US polyethylene traders faced increased risk from exports as prices have risen more than buyers’ forward demand and made back to back deals impossible, trading sources said. Offers for high density blow molding, for example, were 52-53 cents/lb FAS Houston ($1,146-$1,168/mt) but bids for deepsea blow molding in China were talked at $1,170/mt CFR.

LLDPE was offered at 54 cents/lb FAS Houston ($1,190/mt) but traders said bids were only at $1,200-$1,210/mt CFR China for late August or September arrival cargoes. Traders had been able to make back to back deals for US PE to China and
other destinations for most of the year but in June demand slowed for deepsea parcels as US prices headed higher. The lack of back to back demand has meant traders need to take long positions in the belief that local prices will be stable or go higher in China until September at which time they can sell the US material they buy in July or August.

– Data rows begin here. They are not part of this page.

lemma total_cost_burst_fdc_first:
  assumes "0 \<le> f0" "0 \<le> f1" "0 \<le> a" "feasible n (n + 1) (\<lambda>_. 1) burst_orders m1"
    and fdc_first: "\<forall>i<n. m1 1 i = 1"
  shows "real n * f0 \<le> total_cost f0 f1 n (n + 1) burst_orders (\<lambda>_ _ _. a) m1"
proof -
  note valid = valid_constant_costs[OF order_refl, of a n "n + 1"]
  have period_nonneg: "0 \<le> period_cost f0 f1 n burst_orders (\<lambda>_ _ _. a) m1 t"
    if "t \<in> {1..n+1}" for t
  proof -
    have "0 \<le> a * (\<Sum>i<n. real (burst_orders t i))" using assms(3) by (simp add: sum_nonneg)
    also have "\<dots> \<le> shipping_cost n burst_orders (\<lambda>_ _ _. a) m1 t"
      by (rule shipping_cost_ge_demand[OF valid assms(4) that])
    also have "\<dots> \<le> period_cost f0 f1 n burst_orders (\<lambda>_ _ _. a) m1 t"
      by (rule period_cost_ge_shipping_cost[OF assms(1,2)])
    finally show ?thesis .
  qed
  have "f0 \<le> period_cost f0 f1 n burst_orders (\<lambda>_ _ _. a) m1 t" if t: "t \<in> {2..n+1}" for t
  proof -
    define i where "i = t - 2"
    have i: "i < n" "t = i + 2" using t unfolding i_def by auto
    have "m1 t i = 0"
      using feasible_exhausted_inventory[OF assms(4), of 1 t i] fdc_first i t by auto
    then have "m1 t i < burst_orders t i" using i by (simp add: burst_orders_def)
    from period_cost_ge_rdc_fixed_cost[OF assms(2) valid assms(4) _ i(1) this] t
    have "f0 + a * (\<Sum>j<n. real (burst_orders t j)) \<le> period_cost f0 f1 n burst_orders (\<lambda>_ _ _. a) m1 t"
      by simp
    moreover have "0 \<le> a * (\<Sum>j<n. real (burst_orders t j))" using assms(3) by (simp add: sum_nonneg)
    ultimately show ?thesis by linarith
  qed
  then have "real n * f0 \<le> (\<Sum>t\<in>{2..n+1}. period_cost f0 f1 n burst_orders (\<lambda>_ _ _. a) m1 t)"
    using sum_mono[of "{2..n+1}" "\<lambda>_. f0"] by simp
  also have "\<dots> \<le> (\<Sum>t\<in>{1..n+1}. period_cost f0 f1 n burst_orders (\<lambda>_ _ _. a) m1 t)"
    by (rule sum_mono2) (auto intro: period_nonneg)
  finally show ?thesis unfolding total_cost_eq_sum_period_cost .
qed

Regional cargoes in Asia for China still kept a premium over US exports due to the shorter delivery time. Traders, however, were nervous about building stocks as they had fresh memories of getting stuck with high priced inventory at the end of 2008. Another problem traders faced was that if they did not accept producer offers, they risked not getting any product at all. At least two producers were heard to have asked traders for the volume they wanted in August because those makers only want to produce to meet demand. Instead of producers risking losses on an inventory build, this strategy makes traders take the risk.